▸ **Prompt**
Which of the lines below holds the string "unfolding"? Copy every line that does.

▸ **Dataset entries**
(* Consider the system $x[k+1]=Ax[k]+Bu[k]+w[k]$, $y[k]=x[k]+v[k]$ in closed loop with the controller $x_K[k+1]=A_Kx_K[k]+B_Ky[k]$, $u[k]=C_Kx_K[k]+D_Ky[k]$ ($x\in\mathbb{R}^n$, $x_K\in\mathbb{R}^{n_K}$), with closed-loop matrices $$A_{CL}=\begin{bmatrix}A+BD_K & BC_K\\ B_K & A_K\end{bmatrix},\qquad B_{CL}=\begin{bmatrix}I_n & BD_K\\ O & B_K\end{bmatrix}.$$ Let $\eta\in(0,1)$, let $\widetilde H_I\in\mathbb{R}^{(n+n_K)\times(n+n_K)}$ with $\det(\widetilde H_I)\neq0$, and let $$\widetilde\Omega_I:=\{\xi\in\mathbb{R}^{n+n_K}:-1_{n+n_K}\le\widetilde H_I\xi\le 1_{n+n_K}\}.$$ Let $\varepsilon_s$ satisfy $\varepsilon_p+\varepsilon_m<\varepsilon_s<1$, and assume: C1) $A_{CL}\widetilde\Omega_I\oplus B_{CL}\mathcal{Z}\subseteq\eta\,\widetilde\Omega_I$; C2) $[I_n\ O]\,\widetilde\Omega_I\subseteq(\varepsilon_s-\varepsilon_p-\varepsilon_m)\,\mathcal{S}$. Then: (a) the set $\Omega_I:=[I_n\ O]\widetilde\Omega_I\oplus\mathcal{N}$ satisfies: I1) $\Omega_I\subseteq\varepsilon_s\mathcal{S}$; I2) $\{r\in\mathbb{R}^n:\|r\|\le\alpha\}\subseteq\Omega_I\ominus\mathcal{N}$ with $\alpha=1/\|\widetilde H_I\|$; I3) $\bigoplus_{i=0}^N[I_n\ O]A_{CL}^iB_{CL}\mathcal{Z}\subseteq\beta(\Omega_I\ominus\mathcal{N})$ for all $N\in\mathbb{N}$, with $\beta=\eta$; (b) the matrix $A_{CL}$ is Schur.
   Context: Notation: $\oplus$ Minkowski sum, $\ominus$ Pontryagin difference ($\mathcal{X}\ominus\mathcal{Y}=\{x:x+y\in\mathcal{X}\ \forall y\in\mathcal{Y}\}$), $(-\mathcal{V})=\{-v:v\in\mathcal{V}\}$, $1_p$ the all-ones vector of dimension $p$, vector inequalities componentwise, $\|\cdot\|$ the Euclidean norm / induced matrix 2-norm, $[I_n\ O]$ the projection onto the first $n$ coordinates. Standing assumptions: $\mathcal{W},\mathcal{V},\mathcal{D},\mathcal{S},\mathcal{X}\subset\mathbb{R}^n$ are polytopes containing the origin in their interiors, $\mathcal{S}\subset\mathcal{X}$; $\varepsilon_p,\varepsilon_m\in(0,1)$ satisfy $\mathcal{V}\subseteq\varepsilon_p\mathcal{S}$ and $(-\mathcal{V})\subseteq\varepsilon_m\mathcal{S}$; some closed Euclidean ball of positive radius centered at $0$ lies in $\mathcal{S}$; $A\mathcal{S}\oplus\mathcal{W}\oplus\mathcal{D}\subseteq\mathcal{X}$. Define $\mathcal{Z}:=\mathcal{W}\times\mathcal{V}\subset\mathbb{R}^{2n}$ and $\mathcal{N}:=(-\mathcal{V})\oplus\mathcal{V}$. *)

theory Defs
  imports "HOL-Analysis.Analysis"
begin

definition msum :: "'a::ab_group_add set \<Rightarrow> 'a set \<Rightarrow> 'a set" where
  "msum X Y = {x + y | x y. x \<in> X \<and> y \<in> Y}"

definition pdiff :: "'a::ab_group_add set \<Rightarrow> 'a set \<Rightarrow> 'a set" where
  "pdiff X Y = {x. \<forall>y\<in>Y. x + y \<in> X}"

fun bigmsum :: "(nat \<Rightarrow> 'a::ab_group_add set) \<Rightarrow> nat \<Rightarrow> 'a set" where
  "bigmsum F 0 = F 0"
| "bigmsum F (Suc N) = msum (bigmsum F N) (F (Suc N))"

fun matpow :: "('a::comm_ring_1)^'n^'n \<Rightarrow> nat \<Rightarrow> 'a^'n^'n" where
  "matpow M 0 = mat 1"
| "matpow M (Suc k) = M ** matpow M k"

definition ACL :: "real^'n^'n \<Rightarrow> real^'u^'n \<Rightarrow> real^'k^'k \<Rightarrow> real^'n^'k
    \<Rightarrow> real^'k^'u \<Rightarrow> real^'n^'u \<Rightarrow> real^('n + 'k)^('n + 'k)" where
  "ACL A B AK BK CK DK = (\<chi> i j. case i of
       Inl a \<Rightarrow> (case j of Inl b \<Rightarrow> (A + B ** DK) $ a $ b | Inr b \<Rightarrow> (B ** CK) $ a $ b)
     | Inr a \<Rightarrow> (case j of Inl b \<Rightarrow> BK $ a $ b | Inr b \<Rightarrow> AK $ a $ b))"

text \<open>B_CL acts on z = (w, v) in R^(2n), indexed by 'n + 'n (Inl = w, Inr = v).\<close>
definition BCL :: "real^'u^'n \<Rightarrow> real^'n^'k \<Rightarrow> real^'n^'u \<Rightarrow> real^('n + 'n)^('n + 'k)" where
  "BCL B BK DK = (\<chi> i j. case i of
       Inl a \<Rightarrow> (case j of Inl b \<Rightarrow> (mat 1 :: real^'n^'n) $ a $ b | Inr b \<Rightarrow> (B ** DK) $ a $ b)
     | Inr a \<Rightarrow> (case j of Inl b \<Rightarrow> 0 | Inr b \<Rightarrow> BK $ a $ b))"

text \<open>Z = W \<times> V as a subset of R^(2n).\<close>
definition Zset :: "(real^'n) set \<Rightarrow> (real^'n) set \<Rightarrow> (real^('n + 'n)) set" where
  "Zset W V = {z. (\<chi> i. z $ Inl i) \<in> W \<and> (\<chi> i. z $ Inr i) \<in> V}"

definition proj1 :: "real^('n + 'k::finite) \<Rightarrow> real^'n" where
  "proj1 \<xi> = (\<chi> i. \<xi> $ Inl i)"

definition OmegaT :: "real^'m^'m \<Rightarrow> (real^'m) set" where
  "OmegaT H = {\<xi>. \<forall>i. -1 \<le> (H *v \<xi>) $ i \<and> (H *v \<xi>) $ i \<le> 1}"

definition schur :: "real^'m^'m \<Rightarrow> bool" where
  "schur M \<longleftrightarrow> (\<forall>(c::complex) (v::complex^'m). v \<noteq> 0 \<and>
      (\<chi> i j. complex_of_real (M $ i $ j)) *v v = c *s v \<longrightarrow> cmod c < 1)"

end

theory Submission
  imports Defs
begin

text \<open>Writing \<open>\<parallel>\<xi>\<parallel>\<^sub>H\<close> for \<open>infnorm (H \<xi>)\<close>, the polytope \<open>\<Omega>\<^sub>H\<close> is the unit ball of \<open>\<parallel>\<cdot>\<parallel>\<^sub>H\<close>, so C1
  with \<open>z = 0\<close> says that \<open>A\<^sub>C\<^sub>L\<close> contracts \<open>\<parallel>\<cdot>\<parallel>\<^sub>H\<close> by the factor \<open>\<eta>\<close>, which confines its
  eigenvalues to the disc of radius \<open>\<eta>\<close>. Iterating C1, with \<open>\<eta> \<Omega>\<^sub>H \<subseteq> \<Omega>\<^sub>H\<close>, puts every partial sum
  \<open>\<Sum>\<^sub>i\<^sub>\<le>\<^sub>N A\<^sub>C\<^sub>L\<^sup>i B\<^sub>C\<^sub>L z\<^sub>i\<close> into \<open>\<eta> \<Omega>\<^sub>H\<close>; projecting gives I3 because \<open>P \<subseteq> (P \<oplus> N) \<ominus> N\<close>
  for all sets. I1 is convexity of \<open>\<S>\<close> (\<open>a \<S> \<oplus> b \<S> \<subseteq> (a + b) \<S>\<close>), and I2 holds because
  \<open>\<parallel>\<cdot>\<parallel>\<^sub>H \<le> \<parallel>H\<parallel> \<parallel>\<cdot>\<parallel>\<close>.\<close>

lemma msum_subset_scaleR_convex:
  fixes S :: "'a::real_vector set"
  assumes "convex S" "0 \<le> a" "0 \<le> b"
    and "X \<subseteq> (\<lambda>s. a *\<^sub>R s) ` S" "Y \<subseteq> (\<lambda>s. b *\<^sub>R s) ` S"
  shows "msum X Y \<subseteq> (\<lambda>s. (a + b) *\<^sub>R s) ` S"
proof
  fix z assume "z \<in> msum X Y"
  then obtain s t where st: "s \<in> S" "t \<in> S" "z = a *\<^sub>R s + b *\<^sub>R t"
    using assms(4,5) unfolding msum_def by blast
  show "z \<in> (\<lambda>s. (a + b) *\<^sub>R s) ` S"
  proof (cases "a + b = 0")
    case True
    with assms(2,3) have "a = 0" "b = 0" by linarith+
    with st show ?thesis by (intro image_eqI[OF _ st(1)]) simp
  next
    case False
    then have pos: "0 < a + b" using assms(2,3) by linarith
    define u where "u = (a / (a + b)) *\<^sub>R s + (b / (a + b)) *\<^sub>R t"
    have "u \<in> S"
      unfolding u_def using assms(1-3) st(1,2) pos
      by (intro convexD) (auto simp: add_divide_distrib[symmetric])
    moreover have "z = (a + b) *\<^sub>R u"
      using st(3) pos by (simp add: u_def scaleR_add_right)
    ultimately show ?thesis by blast
  qed
qed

▸ **The completed task**
    using assms(4,5) unfolding msum_def by blast
      unfolding u_def using assms(1-3) st(1,2) pos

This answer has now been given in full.